Tuesday 13 November 2007
oo vuf welcome
From the What I Been Listening To department:
For unfathomable reasons, I’ve been hooked on a show called Blue Jam. Aired in the late ‘90s, it was the brainchild of Radio 1 enfant terrible Chris Morris, whose earlier pranks had included a discussion of ludicrous methods to obtain a legal high, and most famously, the “non-announcement” of the death of a still-living cabinet minister. After the latter incident, BBC censors clamped down hard; why they ever let him back through their doors is a mystery.

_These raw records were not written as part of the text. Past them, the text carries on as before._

lemma prob_le_expectation:
  fixes f :: "'a \<Rightarrow> real"
  assumes "\<And>x. x \<in> set_pmf M \<Longrightarrow> x \<in> A \<Longrightarrow> 1 \<le> f x" "\<And>x. 0 \<le> f x" "\<And>x. f x \<le> K"
  shows "measure_pmf.prob M A \<le> measure_pmf.expectation M f"
proof -
  have "measure_pmf.prob M A = measure_pmf.expectation M (indicator A)"
    by simp
  also have "\<dots> \<le> measure_pmf.expectation M f"
  proof (rule integral_mono_AE)
    show "integrable M (indicat_real A)"
      by (auto intro!: integrable_real_indicator simp: less_top[symmetric] measure_pmf.emeasure_finite)
    show "integrable M f"
      by (rule measure_pmf.integrable_const_bound[where B = K]) (use assms(2,3) in auto)
  qed (use assms(1,2) in \<open>auto simp: AE_measure_pmf_iff indicator_def\<close>)
  finally show ?thesis .
qed

lemma power_one_minus_mult_le_one:
  fixes d K :: real
  assumes d: "0 < d" "d < 1" and K: "1 \<le> K" and T: "ln K / d \<le> real T"
  shows "(1 - d) ^ T * K \<le> 1"
proof -
  have "(1 - d) ^ T \<le> exp (- d) ^ T"
    using d exp_ge_add_one_self[of "- d"] by (intro power_mono) auto
  also have "\<dots> = exp (- (d * real T))"
    by (simp add: exp_of_nat_mult[symmetric] mult.commute)
  also have "\<dots> \<le> exp (- ln K)"
    using T d by (simp add: field_simps)
  also have "\<dots> = 1 / K"
    using K by (simp add: exp_minus inverse_eq_divide)
  finally show ?thesis
    using K by (simp add: field_simps)
qed

text \<open>Bound \<open>p t\<close> by 1 up to \<open>T = \<lceil>ln K / d\<rceil>\<close>, where \<open>(1 - d)^T K \<le> 1\<close>, and geometrically
  afterwards.\<close>
lemma suminf_le_geometric_tail:
  fixes p :: "nat \<Rightarrow> real"
  assumes p: "\<And>t. 0 \<le> p t" "\<And>t. p t \<le> 1" "\<And>t. p t \<le> (1 - d) ^ t * K"
    and d: "0 < d" "d < 1" and K: "1 \<le> K"
  shows "(\<Sum>t. ennreal (p t)) \<le> ennreal ((1 + ln K) / d + 1)"
proof -
  define T where "T = nat \<lceil>ln K / d\<rceil>"
  have lnK: "0 \<le> ln K"
    using K by simp
  have "real T = of_int \<lceil>ln K / d\<rceil>"
    unfolding T_def using lnK d by simp
  then have T: "ln K / d \<le> real T" "real T \<le> ln K / d + 1"
    by linarith+
  have decay: "(1 - d) ^ T * K \<le> 1"
    using power_one_minus_mult_le_one[OF d K T(1)] .
  define b where "b t = (if t < T then 1 else (1 - d) ^ (t - T))" for t
  have p_le_b: "p t \<le> b t" for t
  proof (cases "t < T")
    case False
    have "p t \<le> (1 - d) ^ t * K"
      by (rule p(3))
    also have "\<dots> = (1 - d) ^ (t - T) * ((1 - d) ^ T * K)"
      using False by (simp add: power_add[symmetric])
    also have "\<dots> \<le> (1 - d) ^ (t - T)"
      using decay d by (simp add: mult_left_le)
    finally show ?thesis
      using False unfolding b_def by simp
  qed (use p(2) in \<open>simp add: b_def\<close>)
  have b_nonneg: "0 \<le> b t" for t
    unfolding b_def using d by auto
  have "summable (\<lambda>t. b (t + T))"
    unfolding b_def using d by (simp add: summable_geometric)
  then have b_summable: "summable b"
    by (simp add: summable_iff_shift)
  have "(\<Sum>t. b t) = (\<Sum>t. b (t + T)) + sum b {..<T}"
    by (rule suminf_split_initial_segment[OF b_summable])
  also have "\<dots> = 1 / d + real T"
    using d unfolding b_def by (simp add: suminf_geometric)
  finally have "(\<Sum>t. b t) \<le> (1 + ln K) / d + 1"
    using T(2) by (simp add: add_divide_distrib)
  have "(\<Sum>t. ennreal (p t)) \<le> (\<Sum>t. ennreal (b t))"
    by (intro suminf_le ennreal_leI p_le_b) auto
  also have "\<dots> = ennreal (\<Sum>t. b t)"
    by (rule suminf_ennreal2[OF b_nonneg b_summable])
  also have "\<dots> \<le> ennreal ((1 + ln K) / d + 1)"
    using \<open>(\<Sum>t. b t) \<le> (1 + ln K) / d + 1\<close> by (rule ennreal_leI)
  finally show ?thesis .
qed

Blue Jam is a deeply disturbing show, but utterly hilarious. Sketches and monologues drift in and out amid music of all sorts, starting with an always-different introduction delivered by Morris in a sinister monotone (“When thrapping door-knock brings not chums with cakes, but friends of Sweaty Fred, full madding because you failed to sell… welcome in Blue Jam…”) and quickly descending into a nightmarish world of misfits and psychopaths.
Almost every character we meet is unhinged: the doctor who amuses himself by humiliating his patients and prescribing useless treatments; the parents who belong to a baby-fighting ring; the avant-garde artists who disembowel a man and put him in a display case (much in the fashion of the art-murders on David Bowie’s album Outside). Some favorites: Maria, the four-year-old hardened criminal, Rothko the doberman, and the inexplicable club-scene and style roundups from Michael Alexander St John.
Some of the best sketches were spun into a six-episode series on Channel 4 called simply Jam, and lots - probably most - are up on YouTube. I’m almost afraid to link to any, but here’s a typical opening, and a sketch about a television repairman. Browse the Related Videos at your own peril. Expect mayhem, blasphemy, dead babies, dead dogs, sexual deviance and bad language.
UK radio comedy review site radiohaha offers this appreciation of Blue Jam. Torrents of it and other Chris Morris shows are available at the fan site Cook’d and Bomb’d.